When you create a new slot, PadForge automatically groups slots by type: all Xbox 360 slots first, then DualShock 4, then DirectInput, then Keyboard+Mouse, then MIDI. This grouping ensures that the XInput slot numbering stays predictable (since XInput only sees Xbox 360 controllers, having them grouped at the top avoids confusion about which Xbox slot is "Controller 1" in XInput-based games).
You can still drag slots to reorder within a group or override the grouping by manually dragging slots to different positions.
Click a controller card on the Dashboard or click the controller entry in the sidebar to open that slot's configuration page. From there, you can configure:
- 3D and 2D Visualization — Interactive controller model
- Button and Axis Mappings — Map physical inputs to virtual outputs
- Stick Dead Zones — Thumbstick dead zone and response curves
- Trigger Dead Zones — Trigger range and dead zone
- Force Feedback — Rumble passthrough and strength
- Macros — Button combo triggers and action sequences
A single physical controller can feed input into multiple slots at the same time. This is called multi-slot assignment.

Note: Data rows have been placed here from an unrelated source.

(* Let $A$ be a meet-complemented lattice in which $\Box x$ and $\Diamond x$ exist for every $x\in A$. Then for any $a\in A$ the following are equivalent: (i) $\Diamond\Box a\le\Box a$; (ii) $\Box a\le\Box\Box a$; (iii) $\Box a\vee\neg\Box a=1$; (iv) $\Box\Box a=\Box a$.
   Context: A meet-complemented lattice is a lattice $(L,\le)$ (not necessarily distributive) such that for every $a\in L$ the element $\neg a=\max\{b\in L: a\wedge b\le c\ \text{for all } c\in L\}$ exists; it is bounded with bottom $0$ and top $1$. For $a\in L$, $\Box a=\max\{b\in L: a\vee\neg b=1\}$ and $\Diamond a=\min\{b\in L: \neg a\vee b=1\}$. *)

theory Defs
  imports Main
begin

definition is_max :: "'a::order set \<Rightarrow> 'a \<Rightarrow> bool" where
  "is_max S m \<longleftrightarrow> m \<in> S \<and> (\<forall>x\<in>S. x \<le> m)"

definition is_min :: "'a::order set \<Rightarrow> 'a \<Rightarrow> bool" where
  "is_min S m \<longleftrightarrow> m \<in> S \<and> (\<forall>x\<in>S. m \<le> x)"

definition mc_neg_set :: "'a::bounded_lattice \<Rightarrow> 'a set" where
  "mc_neg_set a = {b. \<forall>c. inf a b \<le> c}"

definition meet_complemented :: "'a::bounded_lattice itself \<Rightarrow> bool" where
  "meet_complemented _ \<longleftrightarrow> (\<forall>a::'a. \<exists>m. is_max (mc_neg_set a) m)"

definition mc_neg :: "'a::bounded_lattice \<Rightarrow> 'a" where
  "mc_neg a = (THE m. is_max (mc_neg_set a) m)"

definition mc_box_set :: "'a::bounded_lattice \<Rightarrow> 'a set" where
  "mc_box_set a = {b. sup a (mc_neg b) = top}"

definition mc_box :: "'a::bounded_lattice \<Rightarrow> 'a" where
  "mc_box a = (THE m. is_max (mc_box_set a) m)"

definition mc_dia_set :: "'a::bounded_lattice \<Rightarrow> 'a set" where
  "mc_dia_set a = {b. sup (mc_neg a) b = top}"

definition mc_dia :: "'a::bounded_lattice \<Rightarrow> 'a" where
  "mc_dia a = (THE m. is_min (mc_dia_set a) m)"

end

theory Submission
  imports Defs
begin

text \<open>Everything follows from the adjunction-like characterisations
  \<open>b \<le> \<box>a \<longleftrightarrow> a \<squnion> \<not>b = 1\<close> and \<open>\<diamond>a \<le> b \<longleftrightarrow> \<not>a \<squnion> b = 1\<close>:
  instantiating them at \<open>\<box>a\<close> turns (i) and (ii) directly into (iii).
  For (iv) one needs in addition \<open>\<box>\<box>a \<le> \<box>a\<close>, which holds in general because
  \<open>\<box>b \<le> \<not>\<not>b\<close> gives \<open>\<not>\<box>a \<le> \<not>\<box>\<box>a\<close>.\<close>

lemma is_max_The: "is_max S m \<Longrightarrow> is_max S (THE m. is_max S m)"
  by (rule theI[of _ m]) (auto simp: is_max_def intro: antisym)

lemma is_min_The: "is_min S m \<Longrightarrow> is_min S (THE m. is_min S m)"
  by (rule theI[of _ m]) (auto simp: is_min_def intro: antisym)

lemma le_mc_neg_iff:
  fixes a b :: "'a::bounded_lattice"
  assumes "meet_complemented TYPE('a)"
  shows "b \<le> mc_neg a \<longleftrightarrow> inf a b = bot"
proof -
  obtain m where "is_max (mc_neg_set a) m"
    using assms unfolding meet_complemented_def by blast
  then have max: "is_max (mc_neg_set a) (mc_neg a)"
    unfolding mc_neg_def by (rule is_max_The)
  then have "\<forall>c. inf a (mc_neg a) \<le> c"
    unfolding is_max_def mc_neg_set_def by simp
  then have "inf a (mc_neg a) = bot"
    using bot_unique by blast
  show ?thesis
  proof
    assume "b \<le> mc_neg a"
    then have "inf a b \<le> inf a (mc_neg a)"
      by (simp add: inf.coboundedI2)
    with \<open>inf a (mc_neg a) = bot\<close> show "inf a b = bot"
      by (simp add: bot_unique)
  next
    assume "inf a b = bot"
    then have "\<forall>c. inf a b \<le> c"
      by simp
    then show "b \<le> mc_neg a"
      using max unfolding is_max_def mc_neg_set_def by blast
  qed
qed

lemma mc_neg_antimono:
  fixes a b :: "'a::bounded_lattice"
  assumes "meet_complemented TYPE('a)" and "a \<le> b"
  shows "mc_neg b \<le> mc_neg a"
proof -
  have "inf b (mc_neg b) = bot"
    using le_mc_neg_iff[OF assms(1)] by blast
  with assms(2) have "inf a (mc_neg b) = bot"
    by (metis bot_unique inf_mono order_refl)
  then show ?thesis
    using le_mc_neg_iff[OF assms(1)] by blast
qed

lemma le_mc_neg_neg:
  fixes a :: "'a::bounded_lattice"
  assumes "meet_complemented TYPE('a)"
  shows "a \<le> mc_neg (mc_neg a)"
proof -
  have "inf a (mc_neg a) = bot"
    using le_mc_neg_iff[OF assms] by blast
  then show ?thesis
    using le_mc_neg_iff[OF assms] by (simp add: inf_commute)
qed

lemma inf_mc_neg_eq_bot_if_sup_eq_top:
  fixes x y :: "'a::bounded_lattice"
  assumes "meet_complemented TYPE('a)" and "sup x y = top"
  shows "inf (mc_neg x) (mc_neg y) = bot"
proof -
  let ?z = "inf (mc_neg x) (mc_neg y)"
  have "inf x ?z = bot" and "inf y ?z = bot"
    using le_mc_neg_iff[OF assms(1), of ?z x] le_mc_neg_iff[OF assms(1), of ?z y] by simp_all
  then have "x \<le> mc_neg ?z" and "y \<le> mc_neg ?z"
    using le_mc_neg_iff[OF assms(1)] by (simp_all add: inf_commute)
  then have "top \<le> mc_neg ?z"
    using assms(2) by (metis sup_least)
  then have "inf ?z top = bot"
    using le_mc_neg_iff[OF assms(1)] by (metis top_unique order_refl)
  then show ?thesis
    by simp
qed

lemma le_mc_box_iff:
  fixes a b :: "'a::bounded_lattice"
  assumes "meet_complemented TYPE('a)" and "\<forall>x::'a. \<exists>m. is_max (mc_box_set x) m"
  shows "b \<le> mc_box a \<longleftrightarrow> sup a (mc_neg b) = top"
proof -
  obtain m where "is_max (mc_box_set a) m"
    using assms(2) by blast
  then have max: "is_max (mc_box_set a) (mc_box a)"
    unfolding mc_box_def by (rule is_max_The)
  show ?thesis
  proof
    assume "b \<le> mc_box a"
    then have "mc_neg (mc_box a) \<le> mc_neg b"
      by (rule mc_neg_antimono[OF assms(1)])
    moreover have "sup a (mc_neg (mc_box a)) = top"
      using max unfolding is_max_def mc_box_set_def by simp
    ultimately show "sup a (mc_neg b) = top"
      by (metis sup_mono order_refl top_unique)
  next
    assume "sup a (mc_neg b) = top"
    then show "b \<le> mc_box a"
      using max unfolding is_max_def mc_box_set_def by simp
  qed
qed

lemma mc_dia_le_iff:
  fixes a b :: "'a::bounded_lattice"
  assumes "\<forall>x::'a. \<exists>m. is_min (mc_dia_set x) m"
  shows "mc_dia a \<le> b \<longleftrightarrow> sup (mc_neg a) b = top"
proof -
  obtain m where "is_min (mc_dia_set a) m"
    using assms by blast
  then have min: "is_min (mc_dia_set a) (mc_dia a)"
    unfolding mc_dia_def by (rule is_min_The)
  show ?thesis
  proof
    assume "mc_dia a \<le> b"
    moreover have "sup (mc_neg a) (mc_dia a) = top"
      using min unfolding is_min_def mc_dia_set_def by simp
    ultimately show "sup (mc_neg a) b = top"
      by (metis sup_mono order_refl top_unique)
  next
    assume "sup (mc_neg a) b = top"
    then show "mc_dia a \<le> b"
      using min unfolding is_min_def mc_dia_set_def by simp
  qed
qed

lemma mc_box_le_neg_neg:
  fixes b :: "'a::bounded_lattice"
  assumes "meet_complemented TYPE('a)" and "\<forall>x::'a. \<exists>m. is_max (mc_box_set x) m"
  shows "mc_box b \<le> mc_neg (mc_neg b)"
proof -
  have "sup b (mc_neg (mc_box b)) = top"
    using le_mc_box_iff[OF assms] by blast
  then have "inf (mc_neg b) (mc_neg (mc_neg (mc_box b))) = bot"
    by (rule inf_mc_neg_eq_bot_if_sup_eq_top[OF assms(1)])
  then have "inf (mc_neg b) (mc_box b) = bot"
    using le_mc_neg_neg[OF assms(1), of "mc_box b"]
    by (metis bot_unique inf_mono order_refl)
  then show ?thesis
    using le_mc_neg_iff[OF assms(1)] by blast
qed

lemma mc_box_box_le:
  fixes a :: "'a::bounded_lattice"
  assumes "meet_complemented TYPE('a)" and "\<forall>x::'a. \<exists>m. is_max (mc_box_set x) m"
  shows "mc_box (mc_box a) \<le> mc_box a"
proof -
  let ?p = "mc_box a"
  have "mc_neg ?p \<le> mc_neg (mc_neg (mc_neg ?p))"
    by (rule le_mc_neg_neg[OF assms(1)])
  also have "\<dots> \<le> mc_neg (mc_box ?p)"
    by (rule mc_neg_antimono[OF assms(1) mc_box_le_neg_neg[OF assms]])
  finally have "mc_neg ?p \<le> mc_neg (mc_box ?p)" .
  moreover have "sup a (mc_neg ?p) = top"
    using le_mc_box_iff[OF assms] by blast
  ultimately have "sup a (mc_neg (mc_box ?p)) = top"
    by (metis sup_mono order_refl top_unique)
  then show ?thesis
    using le_mc_box_iff[OF assms] by blast
qed

theorem proposition17:
  fixes a :: "'a::bounded_lattice"
  assumes "meet_complemented TYPE('a)"
    and "\<forall>x::'a. \<exists>m. is_max (mc_box_set x) m"
    and "\<forall>x::'a. \<exists>m. is_min (mc_dia_set x) m"
  shows "(mc_dia (mc_box a) \<le> mc_box a \<longleftrightarrow> mc_box a \<le> mc_box (mc_box a))
       \<and> (mc_box a \<le> mc_box (mc_box a) \<longleftrightarrow> sup (mc_box a) (mc_neg (mc_box a)) = top)
       \<and> (sup (mc_box a) (mc_neg (mc_box a)) = top \<longleftrightarrow> mc_box (mc_box a) = mc_box a)"
proof -
  let ?p = "mc_box a"
  have "mc_dia ?p \<le> ?p \<longleftrightarrow> sup ?p (mc_neg ?p) = top"
    using mc_dia_le_iff[OF assms(3)] by (simp add: sup_commute)
  moreover have "?p \<le> mc_box ?p \<longleftrightarrow> sup ?p (mc_neg ?p) = top"
    using le_mc_box_iff[OF assms(1,2)] by blast
  moreover have "mc_box ?p \<le> ?p"
    by (rule mc_box_box_le[OF assms(1,2)])
  ultimately show ?thesis
    by (auto intro: antisym)
qed

end
lemma periodic_mod_if_shifts_finitely_generated:
  fixes n :: nat
  assumes "Zloc_module m S" "0 < m" "\<forall>i<n. g i \<in> S"
    and spans: "\<And>k::nat. \<exists>c. (\<forall>i<n. c i \<in> Zloc m) \<and> (\<forall>x. u (x + int k) = (\<Sum>i<n. c i * g i x))"
  shows "\<exists>P>0. \<forall>x. zero_mod m (u (x + int P) - u x)"
proof -
  have "\<forall>k. \<exists>L h. (set L \<subseteq> {0..<m} \<and> length L = n) \<and> h \<in> S \<and>
          (\<forall>x. u (x + int k) = (\<Sum>i<n. of_int (L ! i) * g i x) + of_int m * h x)"
  proof
    fix k
    obtain c where c: "\<forall>i<n. c i \<in> Zloc m" "\<forall>x. u (x + int k) = (\<Sum>i<n. c i * g i x)"
      using spans by blast
    then show "\<exists>L h. (set L \<subseteq> {0..<m} \<and> length L = n) \<and> h \<in> S \<and>
          (\<forall>x. u (x + int k) = (\<Sum>i<n. of_int (L ! i) * g i x) + of_int m * h x)"
      using Zloc_module_reduce_coeffs[OF assms(1-3) c(1)] by simp
  qed
  from choice[OF this] obtain L where "\<forall>k. \<exists>h. (set (L k) \<subseteq> {0..<m} \<and> length (L k) = n) \<and> h \<in> S \<and>
          (\<forall>x. u (x + int k) = (\<Sum>i<n. of_int (L k ! i) * g i x) + of_int m * h x)"
    by blast
  from choice[OF this] obtain h where "\<forall>k. (set (L k) \<subseteq> {0..<m} \<and> length (L k) = n) \<and> h k \<in> S \<and>
          (\<forall>x. u (x + int k) = (\<Sum>i<n. of_int (L k ! i) * g i x) + of_int m * h k x)"
    by blast
  then have L: "\<And>k. set (L k) \<subseteq> {0..<m} \<and> length (L k) = n" and h: "\<And>k. h k \<in> S"
    and u_shift: "\<And>k x. u (x + int k) = (\<Sum>i<n. of_int (L k ! i) * g i x) + of_int m * h k x"
    by blast+
  have "finite (range L)"
    by (rule finite_subset[OF _ finite_lists_length_eq[of "{0..<m}" n]]) (use L in auto)
  then show ?thesis
    using Zloc_module_values[OF assms(1) h] u_shift by (rule periodic_mod_if_finitely_many_shift_residues)
qed
(* Let $H$ be an undirected graph (possibly with loops), let $T$ be a tree with at least $2$ vertices and an arbitrarily chosen root $r$, and let $\alpha,\beta$ be two $H$-colorings of $T$. Then $\alpha$ can be reconfigured to $\beta$ if and only if there is a walk of even length in $H$ between $\alpha(r)$ and $\beta(r)$.
   Context: Undirected graphs are treated as digraphs with arcs in both directions for every edge. An $H$-coloring of $T$ is a map $c:V(T)\to V(H)$ such that for every edge $uv$ of $T$, $c(u)c(v)$ is an edge of $H$ (possibly a loop if $c(u)=c(v)$). $\alpha$ can be reconfigured to $\beta$ if there is a sequence of $H$-colorings of $T$ from $\alpha$ to $\beta$ in which consecutive colorings differ on exactly one vertex. A walk of length $0$ (when $\alpha(r)=\beta(r)$) counts as even. *)

theory Defs
  imports Main "HOL-Library.FuncSet"
begin

text \<open>Undirected graphs are given by a vertex set and a symmetric edge relation
  (a set of ordered pairs containing both orientations of every edge).
  A loop at x is the pair (x,x).\<close>

definition undirected_graph :: "'a set \<Rightarrow> ('a \<times> 'a) set \<Rightarrow> bool" where
  "undirected_graph V E \<longleftrightarrow> E \<subseteq> V \<times> V \<and> sym E"

definition is_cycle :: "('a \<times> 'a) set \<Rightarrow> 'a list \<Rightarrow> bool" where
  "is_cycle E xs \<longleftrightarrow> length xs \<ge> 3 \<and> distinct xs
     \<and> (\<forall>i. Suc i < length xs \<longrightarrow> (xs ! i, xs ! Suc i) \<in> E)
     \<and> (last xs, hd xs) \<in> E"

definition is_tree :: "'a set \<Rightarrow> ('a \<times> 'a) set \<Rightarrow> bool" where
  "is_tree V E \<longleftrightarrow> finite V \<and> V \<noteq> {} \<and> undirected_graph V E \<and> irrefl E
     \<and> (\<forall>u\<in>V. \<forall>v\<in>V. (u, v) \<in> E\<^sup>*)
     \<and> \<not> (\<exists>xs. is_cycle E xs)"

definition H_coloring ::
  "'a set \<Rightarrow> ('a \<times> 'a) set \<Rightarrow> 'b set \<Rightarrow> ('b \<times> 'b) set \<Rightarrow> ('a \<Rightarrow> 'b) \<Rightarrow> bool" where
  "H_coloring VT ET VH EH c \<longleftrightarrow> c \<in> VT \<rightarrow>\<^sub>E VH \<and> (\<forall>(u, v)\<in>ET. (c u, c v) \<in> EH)"

definition differ_on_one :: "'a set \<Rightarrow> ('a \<Rightarrow> 'b) \<Rightarrow> ('a \<Rightarrow> 'b) \<Rightarrow> bool" where
  "differ_on_one VT c d \<longleftrightarrow> (\<exists>!v. v \<in> VT \<and> c v \<noteq> d v)"

definition reconfigurable ::
  "'a set \<Rightarrow> ('a \<times> 'a) set \<Rightarrow> 'b set \<Rightarrow> ('b \<times> 'b) set \<Rightarrow> ('a \<Rightarrow> 'b) \<Rightarrow> ('a \<Rightarrow> 'b) \<Rightarrow> bool" where
  "reconfigurable VT ET VH EH \<alpha> \<beta> \<longleftrightarrow>
     (\<exists>cs. cs \<noteq> [] \<and> hd cs = \<alpha> \<and> last cs = \<beta>
        \<and> (\<forall>c\<in>set cs. H_coloring VT ET VH EH c)
        \<and> (\<forall>i. Suc i < length cs \<longrightarrow> differ_on_one VT (cs ! i) (cs ! Suc i)))"

text \<open>A walk in H given by its list of vertices; its length is (number of vertices - 1).\<close>

definition is_walk :: "'b set \<Rightarrow> ('b \<times> 'b) set \<Rightarrow> 'b list \<Rightarrow> bool" where
  "is_walk VH EH xs \<longleftrightarrow> xs \<noteq> [] \<and> set xs \<subseteq> VH
     \<and> (\<forall>i. Suc i < length xs \<longrightarrow> (xs ! i, xs ! Suc i) \<in> EH)"

definition even_walk :: "'b set \<Rightarrow> ('b \<times> 'b) set \<Rightarrow> 'b \<Rightarrow> 'b \<Rightarrow> bool" where
  "even_walk VH EH x y \<longleftrightarrow>
     (\<exists>xs. is_walk VH EH xs \<and> hd xs = x \<and> last xs = y \<and> even (length xs - 1))"

end

theory Submission
  imports Defs
begin

text \<open>The colour of the root can only move along even walks of H: when r is recoloured, a
  neighbour s of r keeps its colour, which is adjacent to both the old and the new colour of r.
  Conversely, induct on the number of vertices of T, deleting a leaf other than r; the base case
  is a single edge.\<close>

lemma rtrancl_iff_successively:
  "(a, b) \<in> R\<^sup>* \<longleftrightarrow>
     (\<exists>xs. xs \<noteq> [] \<and> hd xs = a \<and> last xs = b \<and> successively (\<lambda>x y. (x, y) \<in> R) xs)"
proof
  assume "(a, b) \<in> R\<^sup>*"
  then show "\<exists>xs. xs \<noteq> [] \<and> hd xs = a \<and> last xs = b \<and> successively (\<lambda>x y. (x, y) \<in> R) xs"
  proof (induction rule: converse_rtrancl_induct)
    case base
    show ?case by (intro exI[of _ "[b]"]) simp
  next
    case (step a c)
    then obtain xs where "xs \<noteq> []" "hd xs = c" "last xs = b" "successively (\<lambda>x y. (x, y) \<in> R) xs"
      by blast
    with step.hyps(1) show ?case
      by (intro exI[of _ "a # xs"]) (auto simp: successively_Cons)
  qed
next
  assume "\<exists>xs. xs \<noteq> [] \<and> hd xs = a \<and> last xs = b \<and> successively (\<lambda>x y. (x, y) \<in> R) xs"
  then obtain xs where "xs \<noteq> []" "hd xs = a" "last xs = b" "successively (\<lambda>x y. (x, y) \<in> R) xs"
    by blast
  then show "(a, b) \<in> R\<^sup>*"
  proof (induction xs arbitrary: a)
    case (Cons x xs)
    then show ?case
      by (cases xs) (auto simp: successively_Cons intro: converse_rtrancl_into_rtrancl)
  qed simp
qed

lemma successively_conj_iff:
  assumes "xs \<noteq> []"
  shows "P (hd xs) \<and> successively (\<lambda>x y. P x \<and> P y \<and> Q x y) xs \<longleftrightarrow>
         (\<forall>x\<in>set xs. P x) \<and> successively Q xs"
  using assms
proof (induction xs)
  case (Cons x xs)
  then show ?case by (cases xs) (auto simp: successively_Cons)
qed simp

text \<open>Unlike \<open>differ_on_one\<close>, a step may also recolour nothing; this does not change the
  reflexive transitive closure.\<close>

definition recolor_step ::
  "'a set \<Rightarrow> ('a \<times> 'a) set \<Rightarrow> 'b set \<Rightarrow> ('b \<times> 'b) set \<Rightarrow> (('a \<Rightarrow> 'b) \<times> ('a \<Rightarrow> 'b)) set" where
  "recolor_step VT ET VH EH = {(c, d). H_coloring VT ET VH EH c \<and> H_coloring VT ET VH EH d
      \<and> (\<exists>v\<in>VT. \<forall>x\<in>VT - {v}. c x = d x)}"
definition jump_prob :: "'v list \<Rightarrow> nat \<times> 'v \<Rightarrow> real" where
  "jump_prob s = (\<lambda>(i, y). if (i, y) \<in> moves E s
                            then r (s ! i) y / (\<Sum>(j, z)\<in>moves E s. r (s ! j) z) else 0)"

lemma rate_pos: "(x, y) \<in> E \<Longrightarrow> 0 < r x y"
  using rates_pos by auto

lemma movesD: "(i, y) \<in> moves E s \<Longrightarrow> i < length s \<and> (s ! i, y) \<in> E \<and> y \<notin> set s"
  by (simp add: moves_def)

lemma admissible_nth_in_V: "admissible s \<Longrightarrow> p < length s \<Longrightarrow> s ! p \<in> V"
  using nth_mem by (auto simp: admissible_def)

lemma finite_moves: "admissible s \<Longrightarrow> finite (moves E s)"
proof -
  assume s: "admissible s"
  have "moves E s \<subseteq> Sigma {..<length s} (\<lambda>i. children E (s ! i))"
    by (auto simp: moves_def children_def)
  moreover have "finite (Sigma {..<length s} (\<lambda>i. children E (s ! i)))"
    using s admissible_nth_in_V finite_children by blast
  ultimately show ?thesis
    by (rule finite_subset)
qed

lemma total_rate_pos: "admissible s \<Longrightarrow> moves E s \<noteq> {} \<Longrightarrow> 0 < (\<Sum>(j, z)\<in>moves E s. r (s ! j) z)"
  using finite_moves by (intro sum_pos) (auto simp: moves_def intro: rate_pos)

lemma jump_prob_move:
  "(i, y) \<in> moves E s \<Longrightarrow> jump_prob s (i, y) = r (s ! i) y / (\<Sum>(j, z)\<in>moves E s. r (s ! j) z)"
  by (simp add: jump_prob_def)

lemma jump_prob_not_move: "x \<notin> moves E s \<Longrightarrow> jump_prob s x = 0"
  by (cases x) (auto simp: jump_prob_def)

lemma jump_prob_nonneg:
  assumes s: "admissible s"
  shows "0 \<le> jump_prob s x"
proof (cases "x \<in> moves E s")
  case True
  obtain i y where x: "x = (i, y)"
    by (cases x)
  have "0 < r (s ! i) y"
    using True x movesD rate_pos by blast
  moreover have "0 < (\<Sum>(j, z)\<in>moves E s. r (s ! j) z)"
    using total_rate_pos[OF s] True by blast
  ultimately show ?thesis
    using True x by (simp add: jump_prob_def)
qed (simp add: jump_prob_not_move)

lemma sum_jump_prob: "admissible s \<Longrightarrow> moves E s \<noteq> {} \<Longrightarrow> (\<Sum>x\<in>moves E s. jump_prob s x) = 1"
proof -
  assume s: "admissible s" "moves E s \<noteq> {}"
  let ?R = "\<Sum>(j, z)\<in>moves E s. r (s ! j) z"
  have "(\<Sum>x\<in>moves E s. jump_prob s x) = (\<Sum>x\<in>moves E s. (case x of (j, z) \<Rightarrow> r (s ! j) z) / ?R)"
    by (intro sum.cong) (auto simp: jump_prob_def)
  also have "\<dots> = ?R / ?R"
    by (rule sum_divide_distrib[symmetric])
  also have "\<dots> = 1"
    using total_rate_pos[OF s] by simp
  finally show ?thesis .
qed

lemma nn_integral_jump_prob:
  assumes "admissible s" "moves E s \<noteq> {}"
  shows "(\<integral>\<^sup>+x. ennreal (jump_prob s x) \<partial>count_space UNIV) = 1"
proof -
  have "(\<integral>\<^sup>+x. ennreal (jump_prob s x) \<partial>count_space UNIV) = (\<Sum>x\<in>moves E s. ennreal (jump_prob s x))"
    using finite_moves[OF assms(1)] jump_prob_not_move by (intro nn_integral_count_space') auto
  also have "\<dots> = ennreal (\<Sum>x\<in>moves E s. jump_prob s x)"
    using jump_prob_nonneg[OF assms(1)] by (simp add: sum_ennreal)
  finally show ?thesis
    using sum_jump_prob[OF assms] by simp
qed

lemma pmf_jump_prob: "admissible s \<Longrightarrow> moves E s \<noteq> {} \<Longrightarrow> pmf (embed_pmf (jump_prob s)) x = jump_prob s x"
  using pmf_embed_pmf[of "jump_prob s"] jump_prob_nonneg nn_integral_jump_prob by blast

lemma set_pmf_jump_prob: "admissible s \<Longrightarrow> moves E s \<noteq> {} \<Longrightarrow> set_pmf (embed_pmf (jump_prob s)) \<subseteq> moves E s"
  using set_embed_pmf[of "jump_prob s"] jump_prob_nonneg nn_integral_jump_prob jump_prob_not_move by blast

lemma move_pmf_eq: "move_pmf E r s = map_pmf (\<lambda>(i, y). s[i := y]) (embed_pmf (jump_prob s))"
  unfolding move_pmf_def jump_prob_def by simp

lemma nn_integral_move_pmf:
  assumes s: "admissible s" "moves E s \<noteq> {}" and nonneg: "\<And>s. 0 \<le> f s"
  shows "(\<integral>\<^sup>+s'. ennreal (f s') \<partial>move_pmf E r s)
           = ennreal (\<Sum>x\<in>moves E s. jump_prob s x * f (s[fst x := snd x]))"
proof -
  have "(\<integral>\<^sup>+s'. ennreal (f s') \<partial>move_pmf E r s)
      = (\<Sum>x\<in>moves E s. ennreal (f (s[fst x := snd x])) * pmf (embed_pmf (jump_prob s)) x)"
    unfolding move_pmf_eq nn_integral_map_pmf split_beta
    using finite_moves[OF s(1)] set_pmf_jump_prob[OF s]
    by (intro nn_integral_measure_pmf_support) (auto simp: set_pmf_iff)
  also have "\<dots> = (\<Sum>x\<in>moves E s. ennreal (jump_prob s x * f (s[fst x := snd x])))"
    using pmf_jump_prob[OF s] jump_prob_nonneg[OF s(1)] nonneg
    by (intro sum.cong) (auto simp: ennreal_mult' mult.commute)
  also have "\<dots> = ennreal (\<Sum>x\<in>moves E s. jump_prob s x * f (s[fst x := snd x]))"
    using jump_prob_nonneg[OF s(1)] nonneg by (intro sum_ennreal) auto
  finally show ?thesis .
qed

lemma insertion_allowed: "True \<in> set_pmf (bernoulli_pmf (if P then p else 0)) \<Longrightarrow> P"
  by (cases P) (auto simp: set_pmf_iff)

lemma tasep_step_eq:
  "tasep_step E r rt n ins h =
     bind_pmf (bernoulli_pmf (if length (hd h) < n \<and> rt \<notin> set (hd h) then ins h else 0))
       (\<lambda>b. if b then return_pmf ((hd h @ [rt]) # h)
            else if moves E (hd h) = {} then return_pmf (hd h # h)
            else map_pmf (\<lambda>s'. s' # h) (move_pmf E r (hd h)))"
  by (simp add: tasep_step_def Let_def)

- Split output: Use one physical controller to simultaneously drive an Xbox 360 slot (for the game) and a MIDI slot (for background music control).
- Mirrored output: Feed the same controller into two Xbox 360 slots so that two in-game characters move identically (useful for testing or specific game setups).
- Sim rigs: Route a single HOTAS to multiple DirectInput slots with different axis configurations for different in-game systems.
There are two ways to assign a physical device to slots:
-
Devices page — Slot toggle buttons: Go to the Devices page. Each device card shows a row of numbered toggle buttons, one for each created slot. Click a number to assign or unassign the device from that slot. A highlighted number means the device is currently assigned to that slot.
-
Sidebar — Drag and drop: Drag a device card from the Devices page and drop it onto a controller entry in the sidebar to assign it to that slot.
Each slot-device pairing has its own independent set of mappings, dead zones, and other settings. So if you assign the same controller to slot 1 and slot 3, you can configure completely different button mappings for each.